Hergestellt wird ein breites, strukturreiches und auf fast ganzer Länge unbefestigtes Gerinne mit
größeren Ufer- und Mittenbänken. Unterhalb der B 8-Brücke erfolgt die Neutrassierung der Lippe
auf etwa 1200 m mit einer Sohlanhebung um ca. 3 m gegenüber der heutigen Lippe. Die
Profilbreite des Kastenprofils schwankt zwischen 60 – 160 m, mit Einschnittstiefen von 2-3 m (die
heutige Lippe ist etwa 50 m und im unteren Abschnitt etwa 30 m breit, heutige Einschnittstiefen
liegen bei 4-6 m).
Im Bereich der geplanten Brücke der B 58 n wird die Lippe in ihr altes Bett zurückgeführt, von dort
aus erfolgen noch erhebliche Sohlaufweitungen.
Das Gefälle beträgt zwischen ca. 0,3 ‰ und etwa 0,6 ‰. Insgesamt soll die Tiefenerosion in dem
neu gebauten Abschnitt auf Dauer unterbunden sein (Nachweis Strömungsmodelle).
Diese neue und weitgehend sehr naturnahe Lippe durchfließt eine ebenfalls weitgehend neue
Aue, sie wird durch Abtrag von im Durchschnitt 1,5 bis 3 m Boden deutlich gegenüber heute tiefer
gelegt (im Rahmen des mit beantragten Bodenabbaus). Der gesamte gewonnene Boden wird im
Gelände selbst wieder eingebaut. Teilweise wird er zur Höherlegung der Sohle, zum größeren Teil
zur Verfüllung des Tagebausees Lippeaue Süd verwendet. Vor allem der Bodenabtrag in der Aue
ermöglicht die mündungstypisch hohe Überflutungsdynamik. Die Flächen im zentralen Bereich der
Aue sollen etwa 60 Tage im Jahr überflutet sein, die äußeren Fläche etwa 20 Tage im Jahr.
Integriert sind auch Flutrinnen, die noch häufiger, etwa 120 Tage im Jahr Wasser führen. Darin
soll es auch noch mehr oder weniger ständig Wasser führende Kolke geben. Das Altrheinarmrelikt
Isaak ist ebenso wie die geplanten Tagebaurestseen an die Auendynamik angeschlossen.

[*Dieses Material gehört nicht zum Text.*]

(* Let $\Gamma$ be a finite group acting linearly on a finite-dimensional complex vector space $V$, consider the cotangent lifted action on $T^*V=V\times V^*$, let $R=\mathbb C[T^*V]$, let $\pi:\operatorname{Der}(R)^\Gamma\to\operatorname{Der}(R^\Gamma)$ be the restriction map $X\mapsto X|_{R^\Gamma}$, and let $\lambda:\operatorname{Der}(R^\Gamma)\to\operatorname{Der}(R)^\Gamma$ be an $R^\Gamma$-linear map with $\pi\lambda=\operatorname{id}_{\operatorname{Der}(R^\Gamma)}$. Then $\omega(X,Y):=\omega_0(\lambda(X),\lambda(Y))$, for $X,Y\in\operatorname{Der}(R^\Gamma)$, defines a non-degenerate closed form $\omega\in\operatorname{Alt}^2_{R^\Gamma}(\operatorname{Der}(R^\Gamma),R^\Gamma)$.
   Context: $\omega_0=\sum_i\mathrm dq^i\wedge\mathrm dp_i$ is the canonical symplectic form on $T^*V$, evaluated on derivations of $R$. $\Gamma$ acts on derivations by $X\mapsto(\gamma^{-1})^*X\gamma^*$; $\operatorname{Der}(R)^\Gamma$ denotes invariant derivations. (It is known that $\pi$ is surjective, so such a section $\lambda$ exists.) Closedness is with respect to the naive de Rham differential of the Lie-Rinehart algebra $(\operatorname{Der}(R^\Gamma),R^\Gamma)$: $(\mathrm d\omega)(X_0,X_1,X_2)=\sum_i(-1)^iX_i(\omega(\dots\widehat{X_i}\dots))+\sum_{i<j}(-1)^{i+j}\omega([X_i,X_j],\dots\widehat{X_i}\dots\widehat{X_j}\dots)$. Non-degenerate means $\omega(X,Y)=0$ for all $Y$ implies $X=0$. *)

theory Defs
  imports "HOL-Analysis.Analysis" "HOL-Algebra.Group"
begin

text \<open>Points of the cotangent space T*V = V x V*, with V = complex^'n and V* identified
with complex^'n via the dual basis: a point is (q, p).\<close>
type_synonym 'n pt = "(complex^'n) \<times> (complex^'n)"

text \<open>R = C[T*V], realised as the ring of polynomial functions on T*V
(faithful since C is infinite).\<close>
inductive_set polyfun :: "('n::finite pt \<Rightarrow> complex) set" where
  const: "(\<lambda>_. c) \<in> polyfun"
| qcoord: "(\<lambda>x. fst x $ i) \<in> polyfun"
| pcoord: "(\<lambda>x. snd x $ i) \<in> polyfun"
| add: "f \<in> polyfun \<Longrightarrow> g \<in> polyfun \<Longrightarrow> (\<lambda>x. f x + g x) \<in> polyfun"
| mult: "f \<in> polyfun \<Longrightarrow> g \<in> polyfun \<Longrightarrow> (\<lambda>x. f x * g x) \<in> polyfun"

definition cot_act :: "complex^'n^'n \<Rightarrow> 'n::finite pt \<Rightarrow> 'n pt" where
  "cot_act A x = (A *v fst x, transpose (matrix_inv A) *v snd x)"

definition invariants :: "('g, 'b) monoid_scheme \<Rightarrow> ('g \<Rightarrow> complex^'n^'n) \<Rightarrow> ('n::finite pt \<Rightarrow> complex) set" where
  "invariants G \<rho> = {f \<in> polyfun. \<forall>g\<in>carrier G. f \<circ> cot_act (\<rho> g) = f}"

text \<open>C-derivations of a subalgebra S of functions; a derivation is represented as an
operator on functions that is zero outside S (so equality of derivations is equality on S).\<close>
definition derivs :: "('a \<Rightarrow> complex) set \<Rightarrow> (('a \<Rightarrow> complex) \<Rightarrow> ('a \<Rightarrow> complex)) set" where
  "derivs S = {D.
     (\<forall>f\<in>S. D f \<in> S) \<and>
     (\<forall>f\<in>S. \<forall>g\<in>S. D (\<lambda>x. f x + g x) = (\<lambda>x. D f x + D g x)) \<and>
     (\<forall>c. \<forall>f\<in>S. D (\<lambda>x. c * f x) = (\<lambda>x. c * D f x)) \<and>
     (\<forall>f\<in>S. \<forall>g\<in>S. D (\<lambda>x. f x * g x) = (\<lambda>x. f x * D g x + D f x * g x)) \<and>
     (\<forall>f. f \<notin> S \<longrightarrow> D f = (\<lambda>x. 0))}"

definition inv_derivs :: "('g, 'b) monoid_scheme \<Rightarrow> ('g \<Rightarrow> complex^'n^'n)
     \<Rightarrow> ((('n::finite) pt \<Rightarrow> complex) \<Rightarrow> ('n pt \<Rightarrow> complex)) set" where
  "inv_derivs G \<rho> = {D \<in> derivs polyfun.
     \<forall>g\<in>carrier G. \<forall>f\<in>polyfun. D (f \<circ> cot_act (\<rho> g)) = D f \<circ> cot_act (\<rho> g)}"

definition omega0 :: "(('n::finite pt \<Rightarrow> complex) \<Rightarrow> ('n pt \<Rightarrow> complex))
     \<Rightarrow> (('n pt \<Rightarrow> complex) \<Rightarrow> ('n pt \<Rightarrow> complex)) \<Rightarrow> ('n pt \<Rightarrow> complex)" where
  "omega0 X Y = (\<lambda>x. \<Sum>i\<in>UNIV.
      X (\<lambda>y. fst y $ i) x * Y (\<lambda>y. snd y $ i) x - X (\<lambda>y. snd y $ i) x * Y (\<lambda>y. fst y $ i) x)"

definition der_add :: "(('a \<Rightarrow> complex) \<Rightarrow> ('a \<Rightarrow> complex)) \<Rightarrow> (('a \<Rightarrow> complex) \<Rightarrow> ('a \<Rightarrow> complex))
     \<Rightarrow> (('a \<Rightarrow> complex) \<Rightarrow> ('a \<Rightarrow> complex))" where
  "der_add X Y = (\<lambda>f x. X f x + Y f x)"

definition der_smult :: "('a \<Rightarrow> complex) \<Rightarrow> (('a \<Rightarrow> complex) \<Rightarrow> ('a \<Rightarrow> complex))
     \<Rightarrow> (('a \<Rightarrow> complex) \<Rightarrow> ('a \<Rightarrow> complex))" where
  "der_smult a X = (\<lambda>f x. a x * X f x)"

definition der_bracket :: "(('a \<Rightarrow> complex) \<Rightarrow> ('a \<Rightarrow> complex)) \<Rightarrow> (('a \<Rightarrow> complex) \<Rightarrow> ('a \<Rightarrow> complex))
     \<Rightarrow> (('a \<Rightarrow> complex) \<Rightarrow> ('a \<Rightarrow> complex))" where
  "der_bracket X Y = (\<lambda>f x. X (Y f) x - Y (X f) x)"

definition d2 :: "((('a \<Rightarrow> complex) \<Rightarrow> ('a \<Rightarrow> complex)) \<Rightarrow> (('a \<Rightarrow> complex) \<Rightarrow> ('a \<Rightarrow> complex)) \<Rightarrow> ('a \<Rightarrow> complex))
   \<Rightarrow> (('a \<Rightarrow> complex) \<Rightarrow> ('a \<Rightarrow> complex)) \<Rightarrow> (('a \<Rightarrow> complex) \<Rightarrow> ('a \<Rightarrow> complex))
   \<Rightarrow> (('a \<Rightarrow> complex) \<Rightarrow> ('a \<Rightarrow> complex)) \<Rightarrow> ('a \<Rightarrow> complex)" where
  "d2 w X0 X1 X2 = (\<lambda>x.
       X0 (w X1 X2) x - X1 (w X0 X2) x + X2 (w X0 X1) x
     - w (der_bracket X0 X1) X2 x + w (der_bracket X0 X2) X1 x - w (der_bracket X1 X2) X0 x)"

end

theory Submission
  imports Defs
begin

text \<open>
  Everything is computed pointwise through the vector field \<open>x \<mapsto> (W q\<^sub>i x, W p\<^sub>i x)\<close> of a
  derivation \<open>W\<close> of \<open>R\<close>, in terms of which \<open>\<omega>\<^sub>0(W, W')\<close> is the standard symplectic pairing.
  Invariant derivations have equivariant vector fields, so \<open>\<omega>\<^sub>0\<close> of two of them is invariant,
  and \<open>d\<omega>\<^sub>0 = 0\<close> passes to \<open>\<omega>\<close> once \<open>\<lambda>\<close> is known to respect brackets.

  Both that and non-degeneracy come from averaging over \<open>\<Gamma>\<close> against a polynomial \<open>v\<close> with
  \<open>v x = 1\<close> that vanishes on the rest of the orbit \<open>\<Gamma>x\<close>. First, for an invariant derivation
  \<open>D\<close> the value \<open>D c x\<close> can be read off from \<open>D\<close> on the invariants \<open>\<Sum>\<^sub>g (v\<^sup>2 c)\<circ>g\<close> and
  \<open>\<Sum>\<^sub>g v\<^sup>2\<circ>g\<close>; hence \<open>\<pi>\<close> is injective on invariant derivations, which gives \<open>\<lambda>\<pi> = id\<close> and
  \<open>\<lambda>[X,Y] = [\<lambda>X,\<lambda>Y]\<close>. Second, the averaged vector fields \<open>x \<mapsto> \<Sum>\<^sub>g u(gx) g\<^sup>-\<^sup>1e\<close> define
  invariant derivations. For \<open>u = v\<close>, equivariance turns the \<open>\<omega>\<^sub>0\<close>-pairing of an invariant
  derivation \<open>W\<close> with such a field at \<open>x\<close> into \<open>|Stab x|\<close> times the pairing of \<open>W\<close>'s vector
  field at \<open>x\<close> with \<open>e\<close>; so if \<open>W\<close> is \<open>\<omega>\<^sub>0\<close>-orthogonal to all of them, its vector field vanishes.
\<close>

section \<open>Function algebras and their derivations\<close>

definition function_algebra :: "('a \<Rightarrow> complex) set \<Rightarrow> bool" where
  "function_algebra S \<longleftrightarrow> (\<forall>c. (\<lambda>_. c) \<in> S) \<and> (\<forall>f\<in>S. \<forall>g\<in>S. (\<lambda>x. f x + g x) \<in> S)
     \<and> (\<forall>f\<in>S. \<forall>g\<in>S. (\<lambda>x. f x * g x) \<in> S)"
lemma K_gt_1_iff: "1 < K \<longleftrightarrow> g * lc < a"
proof -
  have "1 < K \<longleftrightarrow> ff_deriv 0 < 0"
    by (simp add: ff_deriv_neg_iff)
  also have "\<dots> \<longleftrightarrow> D * ff_deriv 0 < 0"
    using D_pos by (simp add: mult_less_0_iff)
  finally show ?thesis
    unfolding ff_deriv_0 by simp
qed

lemma z0_eq: "Z = ln K / (p - m)"
proof -
  have "(R + a) * (R + a - 2 * g * lc) = 4 * D * (p * A)"
       "(R - a) * (R - a + 2 * g * lc) = 4 * D * (- m * B)"
    unfolding A_def B_def lam_plus_def lam_minus_def using D_pos by (simp_all add: field_simps)
  then show ?thesis
    unfolding z0_def p_minus_m K_def using D_pos by simp
qed

lemma exp_z0: "0 < K \<Longrightarrow> exp ((p - m) * Z) = K"
  unfolding z0_eq using p_gt_m by simp

lemma z0_pos: "g * lc < a \<Longrightarrow> 0 < Z"
  unfolding z0_eq using K_gt_1_iff p_gt_m by simp

lemma ff_strict_antimono_before_z0:
  assumes "g * lc < a"
  shows "strict_antimono_on {..Z} f"
proof (rule strict_antimono_on_if_deriv_neg[OF has_real_derivative_ff])
  fix x y z :: real assume "y \<in> {..Z}" "z < y"
  then have "exp ((p - m) * z) < exp ((p - m) * Z)"
    using p_gt_m by (simp add: mult_less_cancel_left_pos)
  also have "\<dots> = K"
    using K_gt_1_iff assms exp_z0 by simp
  finally show "ff_deriv z < 0"
    unfolding ff_deriv_neg_iff .
qed

lemma ff_strict_mono_after_z0:
  assumes "g * lc < a"
  shows "strict_mono_on {Z..} f"
proof (rule strict_mono_on_if_deriv_pos[OF has_real_derivative_ff])
  fix x y z :: real assume "x \<in> {Z..}" "x < z"
  then have "exp ((p - m) * Z) < exp ((p - m) * z)"
    using p_gt_m by (simp add: mult_less_cancel_left_pos)
  moreover have "exp ((p - m) * Z) = K"
    using K_gt_1_iff assms exp_z0 by simp
  ultimately show "0 < ff_deriv z"
    unfolding ff_deriv_pos_iff by simp
qed

lemma ff_strict_mono:
  assumes "a \<le> g * lc"
  shows "strict_mono_on {0..} f"
proof (rule strict_mono_on_if_deriv_pos[OF has_real_derivative_ff])
  fix x y z :: real assume "x \<in> {0..}" "x < z"
  then have "1 < exp ((p - m) * z)"
    using p_gt_m by simp
  moreover have "K \<le> 1"
    using K_gt_1_iff assms by simp
  ultimately have "K < exp ((p - m) * z)"
    by linarith
  then show "0 < ff_deriv z"
    unfolding ff_deriv_pos_iff .
qed

lemma ff_min_at_z0:
  assumes "g * lc < a" "l \<noteq> Z"
  shows "f Z < f l"
  using assms monotone_onD[OF ff_strict_antimono_before_z0, of l Z]
    monotone_onD[OF ff_strict_mono_after_z0, of Z l]
  by (cases "l < Z") auto

lemma ff_z0_lt_1: "g * lc < a \<Longrightarrow> f Z < 1"
  using monotone_onD[OF ff_strict_antimono_before_z0, of 0 Z] z0_pos ff_0 by simp

lemma ff_unbounded: "\<exists>z\<ge>w. t \<le> f z"
proof -
  define z where "z = max w (max 0 ((t * R + \<bar>A\<bar>) / (- m * B)))"
  have "0 < - m * B"
    using m_neg B_pos by (intro mult_pos_pos) simp_all
  moreover have "(t * R + \<bar>A\<bar>) / (- m * B) \<le> z"
    unfolding z_def by (intro max.coboundedI2 max.cobounded2)
  ultimately have "t * R + \<bar>A\<bar> \<le> z * (- m * B)"
    by (simp only: pos_divide_le_eq)
  also have "\<dots> = - m * z * B"
    by (simp only: mult_ac)
  also have "\<dots> \<le> exp (- m * z) * B"
    using exp_ge_add_one_self[of "- m * z"] B_pos by (intro mult_right_mono) simp_all
  also have "\<dots> \<le> exp (- p * z) * A + \<bar>A\<bar> + exp (- m * z) * B"
  proof -
    have "exp (- p * z) \<le> 1"
      using p_pos z_def by simp
    then have "\<bar>exp (- p * z) * A\<bar> \<le> \<bar>A\<bar>"
      by (simp add: abs_mult mult_left_le_one_le)
    then show ?thesis
      by linarith
  qed
  finally have "t * R \<le> R * f z"
    unfolding ff_eq using R_pos by simp
  then show ?thesis
    using R_pos z_def by (intro exI[of _ z]) simp
qed

lemma steady_state_cstar:
  assumes "0 < l" "f l = cs / cinf"
  shows "steady l (C l)"
proof -
  have deriv: "(C l has_real_derivative cstar_deriv 1 l x) (at x within S)"
    "(cstar_deriv 1 l has_real_derivative cstar_deriv 2 l x) (at x within S)" for x S
    using has_real_derivative_cstar_deriv[of 0 l x] has_real_derivative_cstar_deriv[of 1 l x]
    by (auto simp: cstar_eq_cstar_deriv_0 numeral_2_eq_2 intro: has_field_derivative_at_within)
  have "continuous_on {0..l} (cstar_deriv 2 l)"
    by (meson DERIV_continuous continuous_at_imp_continuous_on has_real_derivative_cstar_deriv)
  moreover have "C l 0 = cs"
    using assms cinf_pos by (simp add: cstar_eq_ff)
  ultimately show ?thesis
    unfolding steady_state_def
    using assms(1) deriv cstar_ode[of l] cstar_deriv_flux[of l] cstar_at_end[of l]
    unfolding cstar_eq_cstar_deriv_0 by blast
qed
lemma phase_integral_by_parts:
  fixes g g' :: "real \<Rightarrow> complex" and x \<beta> :: real
  defines "P \<equiv> \<lambda>k. complex_of_real (x - 2 * \<beta> * k)"
  assumes ab: "a \<le> b"
    and g: "\<And>k. k \<in> {a..b} \<Longrightarrow> (g has_vector_derivative g' k) (at k within {a..b})"
    and g': "continuous_on {a..b} g'"
    and ga: "g a = 0" and gb: "g b = 0"
    and P: "\<And>k. k \<in> {a..b} \<Longrightarrow> P k \<noteq> 0"
  shows "phase_integral a b x \<beta> g =
           phase_integral a b x \<beta> (\<lambda>k. \<i> * (g' k / P k + 2 * \<beta> * g k / (P k)\<^sup>2))"
proof -
  define e where "e k = exp (\<i> * of_real (k * x - \<beta> * k\<^sup>2))" for k
  define h where "h k = \<i> * (g' k / P k + 2 * \<beta> * g k / (P k)\<^sup>2)" for k
  define F where "F k = - \<i> * (e k * g k * (1 / P k))" for k
  have e: "(e has_vector_derivative \<i> * P k * e k) (at k within {a..b})" for k
    unfolding e_def P_def
    by (rule has_vector_derivative_exp_i_of_real) (auto intro!: derivative_eq_intros)
  have F: "(F has_vector_derivative e k * g k - e k * h k) (at k within {a..b})"
    if k: "k \<in> {a..b}" for k
  proof -
    have "((\<lambda>k. complex_of_real (1 / (x - 2 * \<beta> * k))) has_vector_derivative
            of_real (2 * \<beta> / (x - 2 * \<beta> * k)\<^sup>2)) (at k within {a..b})"
      using P[OF k] unfolding P_def
      by (intro has_vector_derivative_of_real)
        (auto intro!: derivative_eq_intros simp: power2_eq_square field_simps)
    then have "((\<lambda>k. 1 / P k) has_vector_derivative 2 * \<beta> / (P k)\<^sup>2) (at k within {a..b})"
      by (simp add: P_def)
    from has_vector_derivative_mult_right[OF
        has_vector_derivative_mult[OF has_vector_derivative_mult[OF e g[OF k]] this], of "- \<i>"]
    show ?thesis
      unfolding F_def
    proof (rule has_vector_derivative_eq_rhs)
      show "- \<i> * ((e k * g k) * (2 * \<beta> / (P k)\<^sup>2) + (e k * g' k + \<i> * P k * e k * g k) * (1 / P k))
          = e k * g k - e k * h k"
        using P[OF k] unfolding h_def by (simp add: field_simps power2_eq_square)
    qed
  qed
  have "continuous_on {a..b} g"
    using g by (rule continuous_on_vector_derivative)
  moreover have "continuous_on {a..b} P"
    unfolding P_def by (intro continuous_intros)
  ultimately have "continuous_on {a..b} (\<lambda>k. e k * h k)"
    unfolding e_def h_def by (intro continuous_intros g') (simp_all add: P)
  then have eh: "((\<lambda>k. e k * h k) has_integral integral {a..b} (\<lambda>k. e k * h k)) {a..b}"
    by (intro integrable_integral integrable_continuous_interval)
  have "((\<lambda>k. e k * g k - e k * h k) has_integral F b - F a) {a..b}"
    using ab F by (intro fundamental_theorem_of_calculus) auto
  from has_integral_add[OF this eh]
  have "((\<lambda>k. e k * g k) has_integral integral {a..b} (\<lambda>k. e k * h k)) {a..b}"
    using ga gb by (simp add: F_def)
  then show ?thesis
    unfolding phase_integral_def e_def h_def by (rule integral_unique)
qed

lemma norm_phase_integral_le:
  fixes g g' :: "real \<Rightarrow> complex" and x \<beta> L G0 G1 :: real
  assumes ab: "a \<le> b"
    and g: "\<And>k. k \<in> {a..b} \<Longrightarrow> (g has_vector_derivative g' k) (at k within {a..b})"
    and g': "continuous_on {a..b} g'"
    and ga: "g a = 0" and gb: "g b = 0"
    and L: "0 < L" "\<And>k. k \<in> {a..b} \<Longrightarrow> L \<le> x - 2 * \<beta> * k"
    and G0: "\<And>k. k \<in> {a..b} \<Longrightarrow> norm (g k) \<le> G0"
    and G1: "\<And>k. k \<in> {a..b} \<Longrightarrow> norm (g' k) \<le> G1"
  shows "norm (phase_integral a b x \<beta> g) \<le> (b - a) * (G1 / L + 2 * \<bar>\<beta>\<bar> * G0 / L\<^sup>2)"
proof -
  define P where "P k = complex_of_real (x - 2 * \<beta> * k)" for k
  define h where "h k = \<i> * (g' k / P k + 2 * \<beta> * g k / (P k)\<^sup>2)" for k
  have P: "L \<le> norm (P k)" "P k \<noteq> 0" if "k \<in> {a..b}" for k
  proof -
    have "norm (P k) = \<bar>x - 2 * \<beta> * k\<bar>"
      unfolding P_def by (rule norm_of_real)
    then show "L \<le> norm (P k)" using L(2)[OF that] by linarith
    then show "P k \<noteq> 0" using L(1) by auto
  qed
  have by_parts: "phase_integral a b x \<beta> g = phase_integral a b x \<beta> h"
    unfolding h_def P_def
    by (rule phase_integral_by_parts[OF ab g g' ga gb]) (use P in \<open>auto simp: P_def\<close>)
  have "continuous_on {a..b} g"
    using g by (rule continuous_on_vector_derivative)
  moreover have "continuous_on {a..b} P"
    unfolding P_def by (intro continuous_intros)
  ultimately have "continuous_on {a..b} (\<lambda>k. exp (\<i> * of_real (k * x - \<beta> * k\<^sup>2)) * h k)"
    unfolding h_def by (intro continuous_intros g') (simp_all add: P)
  moreover have "norm (exp (\<i> * of_real (k * x - \<beta> * k\<^sup>2)) * h k) \<le> G1 / L + 2 * \<bar>\<beta>\<bar> * G0 / L\<^sup>2"
    if k: "k \<in> {a..b}" for k
  proof -
    have "norm (h k) \<le> norm (g' k) / norm (P k) + 2 * \<bar>\<beta>\<bar> * norm (g k) / (norm (P k))\<^sup>2"
      unfolding h_def using norm_triangle_ineq[of "g' k / P k" "2 * \<beta> * g k / (P k)\<^sup>2"]
      by (simp add: norm_mult norm_divide norm_power)
    also have "\<dots> \<le> G1 / L + 2 * \<bar>\<beta>\<bar> * G0 / L\<^sup>2"
      using P[OF k] L(1) G0[OF k] G1[OF k] order_trans[OF norm_ge_zero G0[OF k]]
        order_trans[OF norm_ge_zero G1[OF k]]
      by (intro add_mono frac_le mult_left_mono power_mono) auto
    finally show ?thesis by (simp add: norm_mult)
  qed
  ultimately have "norm (phase_integral a b x \<beta> h) \<le> (G1 / L + 2 * \<bar>\<beta>\<bar> * G0 / L\<^sup>2) * (b - a)"
    unfolding phase_integral_def by (intro integral_bound ab) auto
  then show ?thesis
    unfolding by_parts by (simp add: mult.commute)
qed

Der gesamte Bereich soll nach Herstellung sich selbst überlassen werden. Hergestellt wird ein
Initialstadium für eine eigendynamische und mündungscharakteristische Flussentwicklung, in der
mündungsspezifische Auenhabitate und Lebensgemeinschaften entstehen können.
Die Planung ist weit fortgeschritten, die Planfeststellungsunterlagen sollen noch dieses Jahr bei
der Bezirksregierung Düsseldorf eingereicht werden.